Gardening is a form of play as well. Remember when you were a child how you loved to sit in the mud after a rain and dig deep into the earth? Perhaps you found a wiggly worm to play with, or maybe you formed the mud into a pie and pretended to eat it. Maybe you imagined you were driving a bulldozer over a mountain of dirt, creating a road on which others would one day drive. All of those forms of play may have led you directly to the place where you feel most like a child – happy and carefree within the garden setting of your dreams.

Maybe there is nothing better in your world than to grab a camera and take off at sunset to photograph the blaze in the sky. Playtime for you may be navigating life behind the lens of your Iphone, or the antique camera you just purchased last summer. It also might mean that you grab paper and pen and head to your favorite spot in the woods to draw in the last moments of the day before the sun sizzles into the valley below. You’re an artist (or a wanna be) and playtime to you looks like discovering beauty in the world outside your home.

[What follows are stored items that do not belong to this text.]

(* Let $\kappa\ge2$. Every tensor $P$ in $\mathrm{EE}_\kappa(((a,b),c))$ lies in the algebraic variety defined by the degree-$(2\kappa+1)$ polynomials given by all $(2\kappa+1)\times(2\kappa+1)$ minors of each of the $2\kappa$ matrices (for $k\in[\kappa]$) $$\begin{pmatrix}0&P_{\cdot\cdot k}&P_{\cdot+\cdot}\\-P_{\cdot\cdot k}^T&0&P_{+\cdot\cdot}\\-P_{\cdot+\cdot}^T&-P_{+\cdot\cdot}^T&0\end{pmatrix}\quad\text{and}\quad\begin{pmatrix}0&P_{\cdot+\cdot}^T&P_{+\cdot\cdot}^T\\-P_{\cdot+\cdot}&0&P_{\cdot\cdot k}\\-P_{+\cdot\cdot}&-P_{\cdot\cdot k}^T&0\end{pmatrix}.$$ That is, each of these $3\kappa\times 3\kappa$ matrices has rank at most $2\kappa$.
   Context: A $\kappa$-state site pattern probability tensor on $X$ ($|X|=n$) is an $n$-way $\kappa\times\cdots\times\kappa$ array with one index per taxon, non-negative entries summing to 1. $P_Y$ is the marginalization to $Y\subseteq X$; $\psi^+|_Y$ is the induced rooted subtree; a 2-clade is a pair of leaves that are exactly the leaf descendants of some vertex. $\mathrm{UE}_\kappa(\psi^+)$: all such tensors $P$ such that for every $Y\subseteq X$ and every 2-clade $\{x,y\}$ of $\psi^+|_Y$, $P_Y$ is invariant under exchanging the $x$ and $y$ indices. For a $\kappa\times\kappa$ matrix $M$, $P*_kM$ is the tensor whose entry at $(i_1,\dots,i_n)$ is the $i_k$-th entry of $vM$, $v$ the row vector obtained by fixing all indices $\ell\ne k$ to $i_\ell$; $P*(M_1,\dots,M_n)=(\cdots(P*_1M_1)\cdots)*_nM_n$. $\mathrm{EE}_\kappa(\psi^+)$: all $\kappa$-state site pattern probability tensors $P$ such that $P*(M_1,\dots,M_n)=\tilde P$ for some non-singular Markov matrices $M_i$ and some non-negative $\tilde P\in\mathrm{UE}_\kappa(\psi^+)$. For a 3-way tensor $P=(p_{ijk})$ with indices ordered $a,b,c$: $P_{+\cdot\cdot}$ has $(j,k)$-entry $\sum_ip_{ijk}$; $P_{\cdot+\cdot}$ has $(i,k)$-entry $\sum_jp_{ijk}$; $P_{\cdot\cdot k}$ has $(i,j)$-entry $p_{ijk}$; $^T$ is transpose. *)

theory Defs
  imports "HOL-Analysis.Analysis"
begin

text \<open>Taxa form a finite type 'x (X = UNIV), states a finite type 'k with kappa = CARD('k).
  A tensor assigns a real number to each index assignment (one state per taxon).\<close>

type_synonym ('x, 'k) tensor = "('x \<Rightarrow> 'k) \<Rightarrow> real"

definition ptensor :: "('x::finite, 'k::finite) tensor \<Rightarrow> bool" where
  "ptensor P \<longleftrightarrow> (\<forall>i. 0 \<le> P i) \<and> (\<Sum>i\<in>UNIV. P i) = 1"

text \<open>Marginalization to Y: the value depends only on the restriction of j to Y.\<close>
definition marg :: "('x::finite, 'k::finite) tensor \<Rightarrow> 'x set \<Rightarrow> ('x, 'k) tensor" where
  "marg P Y j = (\<Sum>i\<in>{i. \<forall>y\<in>Y. i y = j y}. P i)"

text \<open>A rooted X-tree is represented by its set of clusters (leaf-descendant sets of vertices).
  The clusters of the induced (degree-2 suppressed) subtree on Y are the nonempty
  intersections of clusters with Y.\<close>

definition induced_clusters :: "'x set set \<Rightarrow> 'x set \<Rightarrow> 'x set set" where
  "induced_clusters H Y = {C \<inter> Y | C. C \<in> H} - {{}}"

definition two_clade :: "'x set set \<Rightarrow> 'x set \<Rightarrow> 'x \<Rightarrow> 'x \<Rightarrow> bool" where
  "two_clade H Y x y \<longleftrightarrow> x \<noteq> y \<and> {x, y} \<in> induced_clusters H Y"

definition UE :: "'x set set \<Rightarrow> ('x::finite, 'k::finite) tensor set" where
  "UE H = {P. ptensor P \<and>
     (\<forall>Y x y. two_clade H Y x y \<longrightarrow>
        (\<forall>j. marg P Y j = marg P Y (j \<circ> Transposition.transpose x y)))}"

definition markov :: "real^'k^'k \<Rightarrow> bool" where
  "markov M \<longleftrightarrow> (\<forall>r c. 0 \<le> M $ r $ c) \<and> (\<forall>r. (\<Sum>c\<in>UNIV. M $ r $ c) = 1)"

text \<open>P * (M_x)_x: each index x is acted on by the row-vector product v M_x;
  written out as one sum (the single-index actions commute).\<close>
definition act :: "('x::finite, 'k::finite) tensor \<Rightarrow> ('x \<Rightarrow> real^'k^'k) \<Rightarrow> ('x, 'k) tensor" where
  "act P M i = (\<Sum>j\<in>UNIV. P j * (\<Prod>x\<in>UNIV. M x $ (j x) $ (i x)))"

definition EE :: "'x set set \<Rightarrow> ('x::finite, 'k::finite) tensor set" where
  "EE H = {P. ptensor P \<and> (\<exists>M Pt. (\<forall>x. markov (M x) \<and> invertible (M x)) \<and>
      (\<forall>i. 0 \<le> Pt i) \<and> Pt \<in> UE H \<and> act P M = Pt)}"

datatype taxon = Ta | Tb | Tc

lemma UNIV_taxon: "(UNIV :: taxon set) = {Ta, Tb, Tc}"
  using taxon.exhaust by auto

instance taxon :: finite
  by standard (simp add: UNIV_taxon)

definition tree_ab_c :: "taxon set set" where
  "tree_ab_c = {{Ta}, {Tb}, {Tc}, {Ta, Tb}, {Ta, Tb, Tc}}"

definition ent :: "(taxon, 'k) tensor \<Rightarrow> 'k \<Rightarrow> 'k \<Rightarrow> 'k \<Rightarrow> real" where
  "ent P i j k = P (\<lambda>t. case t of Ta \<Rightarrow> i | Tb \<Rightarrow> j | Tc \<Rightarrow> k)"

text \<open>P_{..k}: (i,j) entry p_ijk; P_{.+.}: (i,k) entry sum_j p_ijk; P_{+..}: (j,k) entry sum_i p_ijk.\<close>
definition slice :: "(taxon, 'k::finite) tensor \<Rightarrow> 'k \<Rightarrow> real^'k^'k" where
  "slice P k = (\<chi> i j. ent P i j k)"
definition margB :: "(taxon, 'k::finite) tensor \<Rightarrow> real^'k^'k" where
  "margB P = (\<chi> i k. \<Sum>j\<in>UNIV. ent P i j k)"
definition margA :: "(taxon, 'k::finite) tensor \<Rightarrow> real^'k^'k" where
  "margA P = (\<chi> j k. \<Sum>i\<in>UNIV. ent P i j k)"

text \<open>Block matrix [[0,X,Y],[-X^T,0,Z],[-Y^T,-Z^T,0]], index type 'k + 'k + 'k.\<close>
definition skew3 :: "real^'k^'k \<Rightarrow> real^'k^'k \<Rightarrow> real^'k^'k \<Rightarrow> real^('k + 'k + 'k)^('k + 'k + 'k)" where
  "skew3 X Y Z = (\<chi> r c. case (r, c) of
       (Inl i, Inr (Inl j)) \<Rightarrow> X $ i $ j
     | (Inl i, Inr (Inr j)) \<Rightarrow> Y $ i $ j
     | (Inr (Inl i), Inl j) \<Rightarrow> - X $ j $ i
     | (Inr (Inl i), Inr (Inr j)) \<Rightarrow> Z $ i $ j
     | (Inr (Inr i), Inl j) \<Rightarrow> - Y $ j $ i
     | (Inr (Inr i), Inr (Inl j)) \<Rightarrow> - Z $ j $ i
     | _ \<Rightarrow> 0)"
lemma D_bound:
  assumes "u \<ge> 0"
  shows "(norm (D u))\<^sup>2 \<le> (norm (M u))\<^sup>2 / (1 - \<kappa>) + \<kappa> * r0\<^sup>2 * (S u)\<^sup>2"
proof -
  define l where "l = norm (Lop r0 \<kappa> (seg D u))"
  have "D u = M u - Lop r0 \<kappa> (seg D u)"
    using D_plus_Lop_seg_D[OF assms] by (simp add: algebra_simps)
  then have "norm (D u) \<le> norm (M u) + l"
    unfolding l_def by (metis norm_triangle_ineq4)
  then have "(norm (D u))\<^sup>2 \<le> (norm (M u) + l)\<^sup>2"
    by (simp add: power_mono)
  also have "\<dots> \<le> (norm (M u))\<^sup>2 / (1 - \<kappa>) + l\<^sup>2 / (1 - (1 - \<kappa>))"
    using kappa_pos kappa_less_1 by (intro power2_add_le_weighted) auto
  also have "l\<^sup>2 / (1 - (1 - \<kappa>)) \<le> (\<kappa> * r0 * S u)\<^sup>2 / \<kappa>"
    unfolding l_def using norm_Lop_seg_D_le[OF assms] kappa_pos
    by (auto intro!: divide_right_mono power_mono)
  also have "(\<kappa> * r0 * S u)\<^sup>2 / \<kappa> = \<kappa> * r0\<^sup>2 * (S u)\<^sup>2"
    using kappa_pos by (simp add: power2_eq_square)
  finally show ?thesis by simp
qed

lemma M_energy:
  assumes "u \<ge> 0"
  shows "exp (rho * u) * (norm (M u))\<^sup>2 \<le> (norm M0)\<^sup>2 + K * integral {0..u} \<phi>"
proof -
  have g: "continuous_on {0..u} g"
    using g_cont by (rule continuous_on_subset) auto
  have "exp (rho * u) * (norm (M u))\<^sup>2
      \<le> (norm (M 0))\<^sup>2 + integral {0..u} (\<lambda>s. exp (rho * s) * (K * (S s)\<^sup>2))"
  proof (rule exp_weighted_norm_power2_le[OF assms])
    show "continuous_on {0..u} M"
      unfolding M_def using g by (intro continuous_intros continuous_on_integral)
    show "continuous_on {0..u} (\<lambda>s. K * (S s)\<^sup>2)"
      using S_cont by (intro continuous_intros continuous_on_subset[OF S_cont]) auto
  next
    fix v assume v: "0 < v" "v < u"
    show "(M has_vector_derivative g v) (at v)"
      unfolding M_def[abs_def]
      using has_vector_derivative_integral_at[OF g v] by (auto intro!: derivative_eq_intros)
    show "rho * (norm (M v))\<^sup>2 + 2 * inner (g v) (M v) \<le> K * (S v)\<^sup>2"
      using v by (intro M_dissipation) auto
  qed
  then show ?thesis
    by (simp add: M_def \<phi>_def[abs_def] mult.left_commute)
qed

lemma D_initial_le: "u \<in> {-r0..0} \<Longrightarrow> (norm (D u))\<^sup>2 \<le> A"
  unfolding A_def D_initial using xi_cont eta_cont
  by (intro power_mono norm_le_supnorm continuous_intros) auto
lemma prefix_code_0 [simp]: "prefix_code 0 z = 0"
  and prefix_code_Suc [simp]: "prefix_code (Suc L) z = prefix_code L z + (if z L then 2^L else 0)"
  by (simp_all add: prefix_code_def)

lemma prefix_code_less: "prefix_code L z < 2^L"
  by (induction L) auto

lemma prefix_code_eq_imp_agree: "prefix_code L y = prefix_code L z \<Longrightarrow> i < L \<Longrightarrow> y i = z i"
proof (induction L)
  case (Suc L)
  have "y L = z L" using Suc.prems(1) prefix_code_less[of L y] prefix_code_less[of L z]
    by (auto split: if_splits)
  with Suc show ?case by (cases "i = L") auto
qed simp

lemma prefix_code_fiber:
  assumes "prefix_code L x = j"
  shows "{y. prefix_code L y = j} = cylinder x L"
proof -
  have "prefix_code L y = prefix_code L x \<longleftrightarrow> (\<forall>i<L. y i = x i)" for y
    using prefix_code_eq_imp_agree[of L y x] by (auto simp: prefix_code_def intro!: sum.cong)
  then show ?thesis using assms by (auto simp: cylinder_def)
qed

lemma cdiam_prefix_code_fiber:
  "{y. prefix_code L y = j} = {} \<or> cdiam {y. prefix_code L y = j} = (1/2)^L"
proof (cases "\<exists>x. prefix_code L x = j")
  case True
  then obtain x where "prefix_code L x = j" by blast
  then show ?thesis by (simp add: prefix_code_fiber cdiam_cylinder)
qed auto
(* Let $G$ be a connected graph with at least $2$ vertices. Suppose that either $G$ is co-connected, or $G$ has a dominating vertex $x$ such that $G-x$ is connected and co-connected. Then there exists a connecting hypergraph $H$ of $G$ of minimum cost such that $G[E]$ is co-connected for every $E\in H$.
   Context: All graphs are finite, simple and undirected. $G[X]$ denotes the subgraph induced by $X\subseteq V(G)$, and $G-x$ the subgraph induced by $V(G)\setminus\{x\}$. The complement $\bar G$ has vertex set $V(G)$ and an edge $xy$ ($x\neq y$) iff $xy\notin E(G)$; $G$ is co-connected if $\bar G$ is connected. A vertex is dominating if it is adjacent to all other vertices. A connecting hypergraph of $G$ is a set $H$ of subsets of $V(G)$ such that every $E\in H$ satisfies $|E|\ge 2$ and $G[E]$ is connected, and for every pair of distinct non-adjacent vertices $u,v$ of $G$ there exists $E\in H$ with $u,v\in E$. Its cost is $\mathrm{cost}(H)=\sum_{E\in H}(|E|-2)$. *)

theory Defs
  imports Main
begin

text \<open>A finite simple graph: finite vertex set V, symmetric irreflexive adjacency Adj
 (only its restriction to V matters).\<close>

definition simple_graph :: "'a set \<Rightarrow> ('a \<Rightarrow> 'a \<Rightarrow> bool) \<Rightarrow> bool" where
  "simple_graph V Adj \<longleftrightarrow> finite V \<and> (\<forall>u v. Adj u v \<longrightarrow> Adj v u) \<and> (\<forall>u. \<not> Adj u u)"

definition connected_on :: "('a \<Rightarrow> 'a \<Rightarrow> bool) \<Rightarrow> 'a set \<Rightarrow> bool" where
  "connected_on Adj X \<longleftrightarrow>
     (\<forall>u\<in>X. \<forall>v\<in>X. (\<lambda>a b. a \<in> X \<and> b \<in> X \<and> Adj a b)\<^sup>*\<^sup>* u v)"

definition compl_adj :: "('a \<Rightarrow> 'a \<Rightarrow> bool) \<Rightarrow> 'a \<Rightarrow> 'a \<Rightarrow> bool" where
  "compl_adj Adj u v \<longleftrightarrow> u \<noteq> v \<and> \<not> Adj u v"

definition coconnected_on :: "('a \<Rightarrow> 'a \<Rightarrow> bool) \<Rightarrow> 'a set \<Rightarrow> bool" where
  "coconnected_on Adj X \<longleftrightarrow> connected_on (compl_adj Adj) X"

definition dominating :: "'a set \<Rightarrow> ('a \<Rightarrow> 'a \<Rightarrow> bool) \<Rightarrow> 'a \<Rightarrow> bool" where
  "dominating V Adj x \<longleftrightarrow> x \<in> V \<and> (\<forall>y\<in>V. y \<noteq> x \<longrightarrow> Adj x y)"

definition connecting_hypergraph :: "'a set \<Rightarrow> ('a \<Rightarrow> 'a \<Rightarrow> bool) \<Rightarrow> 'a set set \<Rightarrow> bool" where
  "connecting_hypergraph V Adj H \<longleftrightarrow>
     (\<forall>E\<in>H. E \<subseteq> V \<and> 2 \<le> card E \<and> connected_on Adj E) \<and>
     (\<forall>u\<in>V. \<forall>v\<in>V. u \<noteq> v \<and> \<not> Adj u v \<longrightarrow> (\<exists>E\<in>H. u \<in> E \<and> v \<in> E))"

definition hcost :: "'a set set \<Rightarrow> nat" where
  "hcost H = (\<Sum>E\<in>H. card E - 2)"

definition min_cost_connecting_hypergraph :: "'a set \<Rightarrow> ('a \<Rightarrow> 'a \<Rightarrow> bool) \<Rightarrow> 'a set set \<Rightarrow> bool" where
  "min_cost_connecting_hypergraph V Adj H \<longleftrightarrow>
     connecting_hypergraph V Adj H \<and>
     (\<forall>H'. connecting_hypergraph V Adj H' \<longrightarrow> hcost H \<le> hcost H')"

end

theory Submission
  imports Defs
begin

(*
  Among the minimum-cost connecting hypergraphs take one with the fewest hyperedges. All non-edges
  of G lie in a set V0 (V itself, or V - x since a dominating vertex lies on no non-edge) inducing a
  connected and co-connected graph. A hyperedge E that is not co-connected contains a non-edge
  (otherwise deleting E helps) and hence a proper co-component C, which no non-edge joins to E - C.
  If V0 lies in C, replacing E by V0 lowers the cost. Otherwise co-connectivity of V0 gives a
  non-edge cy leaving C, and thus leaving E. A hyperedge F through c and y, together with one
  hyperedge through y and each vertex of C not dominated by F, merges with C into a
  connected set no larger than card C + 1 plus the cost of the merged hyperedges, so E and these
  hyperedges can be replaced by it at no extra cost. If E - C contains no non-edge, this saves a
  hyperedge. Otherwise also add the star on E - C and one vertex of C: in the resulting optimal
  hypergraph the star is in the previous situation, with E - C in the role of C.
*)

definition valid_hyperedge :: "'a set \<Rightarrow> ('a \<Rightarrow> 'a \<Rightarrow> bool) \<Rightarrow> 'a set \<Rightarrow> bool" where
  "valid_hyperedge V Adj E \<longleftrightarrow> E \<subseteq> V \<and> 2 \<le> card E \<and> connected_on Adj E"

definition covers_non_edges :: "('a \<Rightarrow> 'a \<Rightarrow> bool) \<Rightarrow> 'a set set \<Rightarrow> 'a set \<Rightarrow> bool" where
  "covers_non_edges Adj H X \<longleftrightarrow> (\<forall>u\<in>X. \<forall>v\<in>X. compl_adj Adj u v \<longrightarrow> (\<exists>E\<in>H. u \<in> E \<and> v \<in> E))"

definition optimal_connecting_hypergraph :: "'a set \<Rightarrow> ('a \<Rightarrow> 'a \<Rightarrow> bool) \<Rightarrow> 'a set set \<Rightarrow> bool" where
  "optimal_connecting_hypergraph V Adj H \<longleftrightarrow> min_cost_connecting_hypergraph V Adj H \<and>
     (\<forall>H'. min_cost_connecting_hypergraph V Adj H' \<longrightarrow> card H \<le> card H')"

lemma connecting_hypergraph_iff:
  "connecting_hypergraph V Adj H \<longleftrightarrow> (\<forall>E\<in>H. valid_hyperedge V Adj E) \<and> covers_non_edges Adj H V"
  unfolding connecting_hypergraph_def valid_hyperedge_def covers_non_edges_def compl_adj_def by blast

lemma covers_non_edges_subset: "X \<subseteq> E \<Longrightarrow> E \<in> N \<Longrightarrow> covers_non_edges Adj N X"
  unfolding covers_non_edges_def by blast

lemma covers_non_edges_mono:
  "covers_non_edges Adj N X \<Longrightarrow> \<forall>A\<in>N. \<exists>B\<in>N'. A \<subseteq> B \<Longrightarrow> covers_non_edges Adj N' X"
  unfolding covers_non_edges_def by (meson subsetD)

lemma covers_non_edges_closed_part:
  assumes "symp (compl_adj Adj)" "\<forall>s\<in>C. \<forall>t\<in>X - C. \<not> compl_adj Adj s t"
  shows "covers_non_edges Adj {C, X - C} X"
  unfolding covers_non_edges_def
proof (intro ballI impI)
  fix u v assume "u \<in> X" "v \<in> X" "compl_adj Adj u v"
  moreover have "compl_adj Adj v u"
    using \<open>compl_adj Adj u v\<close> assms(1) by (blast dest: sympD)
  ultimately have "{u, v} \<subseteq> C \<or> {u, v} \<subseteq> X - C"
    using assms(2) by blast
  then show "\<exists>G\<in>{C, X - C}. u \<in> G \<and> v \<in> G"
    by auto
qed

lemma covers_non_edges_insert:
  assumes "symp (compl_adj Adj)" "\<forall>t\<in>X. \<not> compl_adj Adj c t"
  shows "covers_non_edges Adj {X} (insert c X)"
  unfolding covers_non_edges_def
proof (intro ballI impI)
  fix u v assume "u \<in> insert c X" "v \<in> insert c X" "compl_adj Adj u v"
  moreover have "compl_adj Adj v u" "u \<noteq> v"
    using \<open>compl_adj Adj u v\<close> assms(1) unfolding compl_adj_def by (auto dest: sympD)
  ultimately show "\<exists>G\<in>{X}. u \<in> G \<and> v \<in> G"
    using assms(2) by blast
qed

lemma simple_graph_symp: "simple_graph V Adj \<Longrightarrow> symp Adj"
  unfolding simple_graph_def symp_def by blast

lemma symp_compl_adj: "symp Adj \<Longrightarrow> symp (compl_adj Adj)"
  unfolding compl_adj_def symp_def by blast

lemma connected_on_if_reaches:
  assumes "symp r" and "\<forall>v\<in>X. (\<lambda>a b. a \<in> X \<and> b \<in> X \<and> r a b)\<^sup>*\<^sup>* v u"
  shows "connected_on r X"
proof -
  let ?r = "\<lambda>a b. a \<in> X \<and> b \<in> X \<and> r a b"
  have "symp ?r\<^sup>*\<^sup>*"
    by (rule symp_rtranclp) (use assms(1) in \<open>auto simp: symp_def\<close>)
  then show ?thesis
    using assms(2) unfolding connected_on_def by (meson rtranclp_trans sympD)
qed

lemma connected_on_walk_mono:
  assumes "connected_on r G" "G \<subseteq> M" "u \<in> G" "v \<in> G"
  shows "(\<lambda>a b. a \<in> M \<and> b \<in> M \<and> r a b)\<^sup>*\<^sup>* u v"
proof -
  have "(\<lambda>a b. a \<in> G \<and> b \<in> G \<and> r a b) \<le> (\<lambda>a b. a \<in> M \<and> b \<in> M \<and> r a b)"
    using assms(2) by auto
  then show ?thesis
    using assms(1,3,4) rtranclp_mono unfolding connected_on_def by blast
qed

lemma connected_on_exit:
  assumes "connected_on r X" "a \<in> X" "a \<in> A" "b \<in> X" "b \<notin> A"
  shows "\<exists>c\<in>X \<inter> A. \<exists>y\<in>X - A. r c y"
proof -
  have "(\<lambda>a b. a \<in> X \<and> b \<in> X \<and> r a b)\<^sup>*\<^sup>* a b"
    using assms unfolding connected_on_def by blast
  then show ?thesis
    using assms(3,5) by (induction rule: rtranclp_induct) blast+
qed

lemma connected_on_component:
  assumes "symp r" "p \<in> X" "\<not> connected_on r X"
  obtains C where "p \<in> C" "C \<subset> X" "\<forall>s\<in>C. \<forall>t\<in>X - C. \<not> r s t"
proof
  let ?r = "\<lambda>a b. a \<in> X \<and> b \<in> X \<and> r a b"
  define C where "C = {v \<in> X. ?r\<^sup>*\<^sup>* p v}"
  show "p \<in> C" "\<forall>s\<in>C. \<forall>t\<in>X - C. \<not> r s t"
    using assms(2) unfolding C_def by (auto intro: rtranclp.rtrancl_into_rtrancl)
  have "symp ?r\<^sup>*\<^sup>*"
    by (rule symp_rtranclp) (use assms(1) in \<open>auto simp: symp_def\<close>)
  then have "C \<noteq> X"
    using assms(3) connected_on_if_reaches[OF assms(1), of X p] unfolding C_def
    by (auto dest: sympD)
  then show "C \<subset> X"
    unfolding C_def by blast
qed

lemma connected_on_Union_hub:
  assumes "symp r" "\<forall>G\<in>S. connected_on r G \<and> y \<in> G" "\<forall>v\<in>X - \<Union>S. \<exists>f\<in>\<Union>S. r v f"
  shows "connected_on r (X \<union> \<Union>S)"
proof (rule connected_on_if_reaches[OF assms(1)])
  let ?M = "X \<union> \<Union>S"
  let ?r = "\<lambda>a b. a \<in> ?M \<and> b \<in> ?M \<and> r a b"
  have to_hub: "?r\<^sup>*\<^sup>* v y" if "v \<in> \<Union>S" for v
    using that assms(2) connected_on_walk_mono[of r _ ?M v y] by blast
  show "\<forall>v\<in>?M. ?r\<^sup>*\<^sup>* v y"
  proof
    fix v assume "v \<in> ?M"
    show "?r\<^sup>*\<^sup>* v y"
    proof (cases "v \<in> \<Union>S")
      case False
      then obtain f where "f \<in> \<Union>S" "r v f"
        using \<open>v \<in> ?M\<close> assms(3) by blast
      then show ?thesis
        using \<open>v \<in> ?M\<close> to_hub converse_rtranclp_into_rtranclp[of ?r v f y] by blast
    qed (rule to_hub)
  qed
qed

lemma connected_on_star:
  assumes "symp Adj" "\<forall>v\<in>X. v \<noteq> p \<longrightarrow> Adj p v"
  shows "connected_on Adj (insert p X)"
proof -
  have "connected_on Adj {p}"
    unfolding connected_on_def by simp
  moreover have "\<forall>v\<in>X - \<Union>{{p}}. \<exists>f\<in>\<Union>{{p}}. Adj v f"
    using assms by (auto dest: sympD)
  ultimately have "connected_on Adj (X \<union> \<Union>{{p}})"
    using connected_on_Union_hub[OF assms(1), of "{{p}}" p X] by blast
  then show ?thesis
    by simp
qed

lemma valid_hyperedge_star_part:
  assumes "symp Adj" "E \<subseteq> V" "finite E" "C \<subset> E" "p \<in> C"
    and "\<forall>t\<in>E - C. \<not> compl_adj Adj p t"
  shows "valid_hyperedge V Adj (insert p (E - C))"
proof -
  have "\<forall>v\<in>E - C. v \<noteq> p \<longrightarrow> Adj p v"
    using assms(6) unfolding compl_adj_def by fastforce
  then have "connected_on Adj (insert p (E - C))"
    by (rule connected_on_star[OF assms(1)])
  moreover have "E - C \<noteq> {}" "p \<notin> E - C"
    using assms(4,5) by blast+
  then have "2 \<le> card (insert p (E - C))"
    using assms(3) by (simp add: Suc_leI card_gt_0_iff)
  ultimately show ?thesis
    using assms(2,4,5) unfolding valid_hyperedge_def by blast
qed

lemma connecting_hypergraph_finite:
  assumes "simple_graph V Adj" "connecting_hypergraph V Adj H"
  shows "finite H"
proof -
  have "H \<subseteq> Pow V"
    using assms(2) unfolding connecting_hypergraph_def by auto
  then show ?thesis
    using assms(1) unfolding simple_graph_def by (auto intro: finite_subset)
qed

Playtime….could be as simple as holding that new grandbaby and getting lost in the rhythm of love for a while. Embrace those moments. They have become gifts, and the gifts long to be opened.

Go ahead…grab your childhood bicycle and take a spin. Playtime to you is exercise….but nothing speaks joy like the wind in your face as you peddle along the sidewalk waving to neighbors as you pass by.

I hope that when you come to this page, you will find refreshment for your soul as you discover new – or rediscover old – ways to embrace play. No matter your age or physical abilities, there is something for you here. I can’t wait to meet you here again soon as we cultivate intentional play time together.